Mark Oppenheimer expresses anxiety over talking to his children about artificial insemination – “to be more precise, I don’t want to talk about sperm donation.” He thinks through his “very specific revulsions toward what I perceive to be the misuse, or over-use, of science” and ultimately chills out:
My anxiety about lesbian mothers with strollers is silly. I know that. It scapegoats the lesbian for the choices of the straight couple: Plenty of sperm donation leads to non-lesbian parenting, after all. And I am obviously relying on an incoherent distinction between what is “artificial” and what is “natural,” in an age when the technologies everyone likes—the ultrasound, the prenatal vitamin, the autoclave to sanitize surgical instruments, Purell—are seen as beneficial, and are granted honorary “natural” status. No doubt I am also engaging in the sacred parental rite of judging other parents for anything I can find, assuring myself that whatever deviates from what my wife and I do, including different means of conception, is at least a little bit worse. That, too, is silly. But what’s really silly is worrying about the conversations sperm-donor mothers will provoke with my children.
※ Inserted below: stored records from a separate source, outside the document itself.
lemma clique_tree_no_ear:
  assumes ct: "clique_tree V E" and K: "K \<in> blocks V E" "x \<in> K" "q \<in> K" "x \<noteq> q"
    and ps: "ps \<noteq> []" "set ps \<inter> K = {}" "distinct (x # ps @ [q])" "successively E (x # ps @ [q])"
  shows False
proof -
  have g: "graph V E" using clique_tree_graph[OF ct] .
  have "E q x" using clique_tree_adjacent[OF ct K(1,3,2)] K(4) by simp
  then have "nonseparable E (set (x # ps @ [q]))"
    using nonseparable_cycle[OF graph_symp[OF g] ps(3,4)] by simp
  moreover have "successively (induced E V) (x # ps @ [q])"
    using ps(4) graph_edge_in_V[OF g] by (auto intro: successively_mono)
  then have "set (x # ps @ [q]) \<subseteq> V" by (rule successively_induced_subset) simp
  ultimately have "set (x # ps @ [q]) \<subseteq> K"
    using K by (intro block_contains_nonseparable[of V E K _ x q]) (auto simp: blocks_def)
  then show False using ps(1,2) by (cases ps) auto
qed

lemma avoiding_walk_misses_block:
  assumes ct: "clique_tree V E" and L: "L \<in> blocks V E" "L' \<in> blocks V E" "L \<noteq> L'" "y \<in> L" "y \<in> L'"
    and u: "u \<in> L'" "u \<noteq> y" and walk: "(induced E (- {y}))\<^sup>*\<^sup>* u v"
  shows "v \<notin> L"
proof
  assume "v \<in> L"
  have "u \<notin> L" using blocks_eq[OF L(1,2) u(2)[symmetric] L(4) _ L(5) u(1)] L(3) by blast
  then obtain ps q where pq: "ps \<noteq> []" "hd ps = u" "set ps \<inter> L = {}" "distinct ps" "q \<in> L"
      "successively (induced E (- {y})) (ps @ [q])"
    using rtranclp_first_entry[OF walk \<open>v \<in> L\<close>] by blast
  have "set (ps @ [q]) \<subseteq> - {y}"
    using successively_induced_subset[OF pq(6)] pq(1) by (cases ps) auto
  moreover have "successively E (ps @ [q])" using pq(6) by (rule successively_mono) simp
  moreover have "E y u" using clique_tree_adjacent[OF ct L(2,5) u(1)] u(2) by simp
  ultimately have "distinct (y # ps @ [q])" "successively E (y # ps @ [q])"
    using pq by (auto simp: successively_Cons neq_Nil_conv)
  moreover have "y \<noteq> q" using \<open>set (ps @ [q]) \<subseteq> - {y}\<close> by auto
  ultimately show False using clique_tree_no_ear[OF ct L(1,4) pq(5) _ pq(1,3)] by blast
qed

definition reach_avoiding :: "('a \<Rightarrow> 'a \<Rightarrow> bool) \<Rightarrow> 'a \<Rightarrow> 'a set \<Rightarrow> 'a set" where
  "reach_avoiding E c A = {v. \<exists>u\<in>A. (induced E (- {c}))\<^sup>*\<^sup>* u v}"

lemma reach_avoiding_subset:
  assumes "graph V E" "A \<subseteq> V"
  shows "reach_avoiding E c A \<subseteq> V"
proof
  fix v assume "v \<in> reach_avoiding E c A"
  then obtain u where "(induced E (- {c}))\<^sup>*\<^sup>* u v" "u \<in> A" by (auto simp: reach_avoiding_def)
  then show "v \<in> V"
    using assms by (induction rule: rtranclp_induct) (auto dest: graph_edge_in_V)
qed

text \<open>reach_avoiding E c (L - {c}) is the part of the graph beyond the block L at c. If it is
  minimal among all such pairs, no vertex of L other than c has a neighbour outside L.\<close>

lemma reach_avoiding_psubset:
  assumes ct: "clique_tree V E" and L: "L \<in> blocks V E" "c \<in> L" "y \<in> L" "y \<noteq> c"
    and L': "L' \<in> blocks V E" "y \<in> L'" "z \<in> L'" "z \<notin> L"
  shows "reach_avoiding E y (L' - {y}) \<subset> reach_avoiding E c (L - {c})"
proof -
  let ?R' = "reach_avoiding E y (L' - {y})"
  have "L \<noteq> L'" using L'(3,4) by blast
  have c_notin: "c \<notin> ?R'"
  proof
    assume "c \<in> ?R'"
    then obtain u where "u \<in> L'" "u \<noteq> y" "(induced E (- {y}))\<^sup>*\<^sup>* u c"
      by (auto simp: reach_avoiding_def)
    then show False using avoiding_walk_misses_block[OF ct L(1) L'(1) \<open>L \<noteq> L'\<close> L(3) L'(2)] L(2) by blast
  qed
  have "v \<in> reach_avoiding E c (L - {c})" if "v \<in> ?R'" for v
  proof -
    obtain u where u: "u \<in> L'" "u \<noteq> y" "(induced E (- {y}))\<^sup>*\<^sup>* u v"
      using \<open>v \<in> ?R'\<close> by (auto simp: reach_avoiding_def)
    \<comment> \<open>the walk from u stays inside the reach, which avoids c\<close>
    have "(induced E (- {y} \<inter> - {c}))\<^sup>*\<^sup>* u v"
      using u c_notin by (intro induced_rtranclp_restrict) (auto simp: reach_avoiding_def)
    then have "(induced E (- {c}))\<^sup>*\<^sup>* u v" by (rule induced_rtranclp_mono) blast
    moreover have "u \<noteq> c" using u c_notin by (auto simp: reach_avoiding_def)
    then have "induced E (- {c}) y u" using clique_tree_adjacent[OF ct L'(1,2) u(1)] u(2) L(4) by simp
    ultimately have "(induced E (- {c}))\<^sup>*\<^sup>* y v" by (rule converse_rtranclp_into_rtranclp[rotated])
    then show ?thesis using L(3,4) by (auto simp: reach_avoiding_def)
  qed
  moreover have "y \<in> reach_avoiding E c (L - {c})"
    unfolding reach_avoiding_def using L(3,4) by blast
  moreover have "y \<notin> ?R'"
  proof
    assume "y \<in> ?R'"
    then obtain u where "u \<noteq> y" "(induced E (- {y}))\<^sup>*\<^sup>* u y" by (auto simp: reach_avoiding_def)
    then show False using induced_rtranclp_closed[of E "- {y}" u y] by blast
  qed
  ultimately show ?thesis by blast
qed

definition pendant_block :: "'a set \<Rightarrow> ('a \<Rightarrow> 'a \<Rightarrow> bool) \<Rightarrow> 'a set \<Rightarrow> 'a \<Rightarrow> bool" where
  "pendant_block V E L c \<longleftrightarrow> L \<in> blocks V E \<and> c \<in> L \<and> (\<forall>y\<in>L - {c}. \<forall>z. E y z \<longrightarrow> z \<in> L)"

lemma clique_tree_pendant_block:
  assumes ct: "clique_tree V E"
  obtains L c where "pendant_block V E L c"
proof -
  have g: "graph V E" using clique_tree_graph[OF ct] .
  let ?P = "\<lambda>(L, c). L \<in> blocks V E \<and> c \<in> L"
  let ?size = "\<lambda>(L, c). card (reach_avoiding E c (L - {c}))"
  obtain v where "v \<in> V" using ct by (auto simp: clique_tree_def connected_on_def)
  then obtain K where "K \<in> blocks V E" "v \<in> K" using vertex_in_block[OF g] by blast
  then obtain L c where Lc: "L \<in> blocks V E" "c \<in> L"
    and min: "\<And>L' y. L' \<in> blocks V E \<Longrightarrow> y \<in> L' \<Longrightarrow>
      card (reach_avoiding E c (L - {c})) \<le> card (reach_avoiding E y (L' - {y}))"
    using ex_has_least_nat[of ?P "(K, v)" ?size] by auto
  have "pendant_block V E L c"
    unfolding pendant_block_def
  proof (intro conjI Lc ballI allI impI, rule ccontr)
    fix y z assume y: "y \<in> L - {c}" and "E y z" "z \<notin> L"
    then obtain L' where L': "L' \<in> blocks V E" "y \<in> L'" "z \<in> L'" using edge_in_block[OF g] by blast
    have "finite (reach_avoiding E c (L - {c}))"
      using reach_avoiding_subset[OF g] blocks_subset[OF Lc(1)] g finite_subset
      by (metis Diff_subset graph_def subset_trans)
    then have "card (reach_avoiding E y (L' - {y})) < card (reach_avoiding E c (L - {c}))"
      using reach_avoiding_psubset[OF ct Lc _ _ L' \<open>z \<notin> L\<close>] y by (simp add: psubset_card_mono)
    then show False using min[OF L'(1,2)] by simp
  qed
  then show ?thesis by (rule that)
qed
(* Let $p \geq 4$ and $q \geq 4$ be integers and let $L$ be the Laplacian of the graph $K_p \oplus C_q$, with eigenvalues $\lambda_1(L) \geq \lambda_2(L) \geq \dots \geq \lambda_{p+q-1}(L)$. Let $\lambda_1(L_{C_q})$ denote the largest eigenvalue of the Laplacian of the path graph on $q-1$ vertices. Then $\lambda_1(L) \in [p,p+2]$; $\lambda_j(L) = p$ for all $j \in \{2,\ldots,p-1\}$; $\lambda_p(L) \in (0, \min\{\lambda_1(L_{C_q})+2,\, p\})$ (an interval contained in $(0,p)$ if $p \geq 6$); and $\lambda_j(L) \in [0,4)$ for all $j \in \{p+1,\ldots,p+q-1\}$.
   Context: For integers $p \geq 3$, $q \geq 2$, the graph $K_p \oplus C_q$ has vertex set $\{-p+1,\ldots,0\} \cup \{1,\ldots,q-1\}$ (so $p+q-1$ vertices). Its edges are: every pair of distinct vertices in $\{-p+1,\ldots,0\}$ (a complete graph on $p$ vertices), the edge $\{0,1\}$, and the edges $\{j,j+1\}$ for $1 \leq j \leq q-2$ (a path on the $q-1$ vertices $1,\ldots,q-1$). The Laplacian $L$ of a graph is the matrix with $L_{ii}$ equal to the degree of vertex $i$, $L_{ij}=-1$ if $i \neq j$ are adjacent and $L_{ij}=0$ otherwise. Eigenvalues of a real symmetric matrix are listed with multiplicity in non-increasing order. *)

theory Defs
  imports "Jordan_Normal_Form.Char_Poly"
begin

definition graph_laplacian :: "nat \<Rightarrow> (nat \<Rightarrow> nat \<Rightarrow> bool) \<Rightarrow> real mat" where
  "graph_laplacian n adj = mat n n (\<lambda>(i,j).
      if i = j then real (card {k. k < n \<and> k \<noteq> i \<and> adj i k})
      else if adj i j then -1 else 0)"

text \<open>Vertex set of K_p (+) C_q is {-p+1,...,0} union {1,...,q-1}; the matrix
  index i (0 <= i < p+q-1) corresponds to the vertex int i - int p + 1.\<close>
definition KC_vertex :: "nat \<Rightarrow> nat \<Rightarrow> int" where
  "KC_vertex p i = int i - int p + 1"

definition KC_adj_int :: "int \<Rightarrow> int \<Rightarrow> bool" where
  "KC_adj_int a b \<longleftrightarrow> a \<noteq> b \<and>
     ((a \<le> 0 \<and> b \<le> 0) \<or> {a, b} = {0, 1} \<or> (a \<ge> 1 \<and> b \<ge> 1 \<and> \<bar>a - b\<bar> = 1))"

definition KC_laplacian :: "nat \<Rightarrow> nat \<Rightarrow> real mat" where
  "KC_laplacian p q = graph_laplacian (p + q - 1)
     (\<lambda>i j. KC_adj_int (KC_vertex p i) (KC_vertex p j))"

definition path_laplacian :: "nat \<Rightarrow> real mat" where
  "path_laplacian m = graph_laplacian m (\<lambda>i j. i + 1 = j \<or> j + 1 = i)"

definition eigenvalues_desc :: "real mat \<Rightarrow> real list" where
  "eigenvalues_desc A = (THE xs. sorted_wrt (\<ge>) xs \<and>
      char_poly A = (\<Prod>x\<leftarrow>xs. [:- x, 1:]))"

text \<open>lambda_j(A), 1-based.\<close>
definition eig :: "real mat \<Rightarrow> nat \<Rightarrow> real" where
  "eig A j = eigenvalues_desc A ! (j - 1)"

end

theory Submission
  imports Defs
begin

(* Expanding det (x I - L) along the pendant path gives char_poly L = (x - p)^(p-2) G with
   G = (x - p) P_q - (p - 1) P_(q-1), where P_n is the characteristic polynomial of the Laplacian
   of the path on n vertices.  The substitution x = 4 sin^2 phi turns the path recurrence
   P_(n+1) = (x - 2) P_n - P_(n-1) into cos phi * P_n(x) = (-1)^(n+1) 2 sin (2 n phi) sin phi, so P_n
   has the roots w_k = 4 sin^2 (k pi / 2n), k < n, and at the roots w_k of P_q one gets
   G(w_k) = (-1)^(q+k) (p - 1) w_k.  These sign changes, together with G(0) = 0, the sign of G'(0)
   and G(p) < 0 < G(p + 2), locate all q + 1 roots of G: 0, one in (0, w_1), q - 2 in
   (w_1, w_(q-1)) and one in (p, p + 2).  All but the last lie in [0, 4). *)

section \<open>Determinants\<close>

lemma det_mat_Suc_eq_except_last_diag:
  fixes f g :: "nat \<times> nat \<Rightarrow> 'a :: comm_ring_1"
  assumes "\<And>i j. i \<le> n \<Longrightarrow> j \<le> n \<Longrightarrow> (i, j) \<noteq> (n, n) \<Longrightarrow> f (i, j) = g (i, j)"
  shows "det (mat (Suc n) (Suc n) f) =
    det (mat (Suc n) (Suc n) g) + (f (n, n) - g (n, n)) * det (mat n n g)"
proof -
  let ?F = "mat (Suc n) (Suc n) f" and ?G = "mat (Suc n) (Suc n) g"
  have cofactor_eq: "cofactor ?F n j = cofactor ?G n j" if "j < Suc n" for j
    unfolding cofactor_def mat_delete_def using assms that
    by (intro arg_cong2[where f = "(*)"] refl arg_cong[where f = det] eq_matI) auto
  have "mat_delete ?G n n = mat n n g"
    by (rule eq_matI) (auto simp: mat_delete_def)
  then have cofactor_last: "cofactor ?G n n = det (mat n n g)"
    unfolding cofactor_def by (simp flip: mult_2)
  have "det ?F = (\<Sum>j<Suc n. ?F $$ (n, j) * cofactor ?F n j)"
    by (rule laplace_expansion_row) auto
  also have "\<dots> = (\<Sum>j<Suc n. ?G $$ (n, j) * cofactor ?G n j) + (f (n, n) - g (n, n)) * cofactor ?G n n"
    using cofactor_eq assms by (simp add: algebra_simps lessThan_Suc)
  also have "(\<Sum>j<Suc n. ?G $$ (n, j) * cofactor ?G n j) = det ?G"
    by (rule laplace_expansion_row[symmetric]) auto
  finally show ?thesis
    unfolding cofactor_last .
qed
Because, as any parent knows, conversations with young people about sex never go as badly as you fear. In fact, they don’t go anywhere you could possibly predict.
My wife tells this story.
About a year and a half ago, she was returning from dropping our eldest daughter off at kindergarten; the baby was strapped to her chest, and she was pushing our middle daughter, Ellie, then almost three years old, in the stroller. Out of nowhere, Ellie asked that question, the one that all children ask at some point in their toddling years: “Mommy, how do you make a baby?” My wife was a bit surprised to get this question—why now? so early in the day?—but it didn’t matter, for there was only one possible answer, the straightforward, clinical, correct answer. “Well,” she said, “the man puts his penis in the woman’s vagina, seed comes out, and the baby begins to grow.” At this point Ellie turned around in the stroller and squinted at my wife with skepticism, her eyes narrowed and her lips puckered. “Mommy,” she said, “if the man puts his penis in the woman, how does he put it back on?”
After stifling a laugh, my wife explained the situation to Ellie’s satisfaction, at which point the topic was dropped—presumably in favor of more important questions, like whether she had earned back the dessert she had lost in that morning’s tantrum.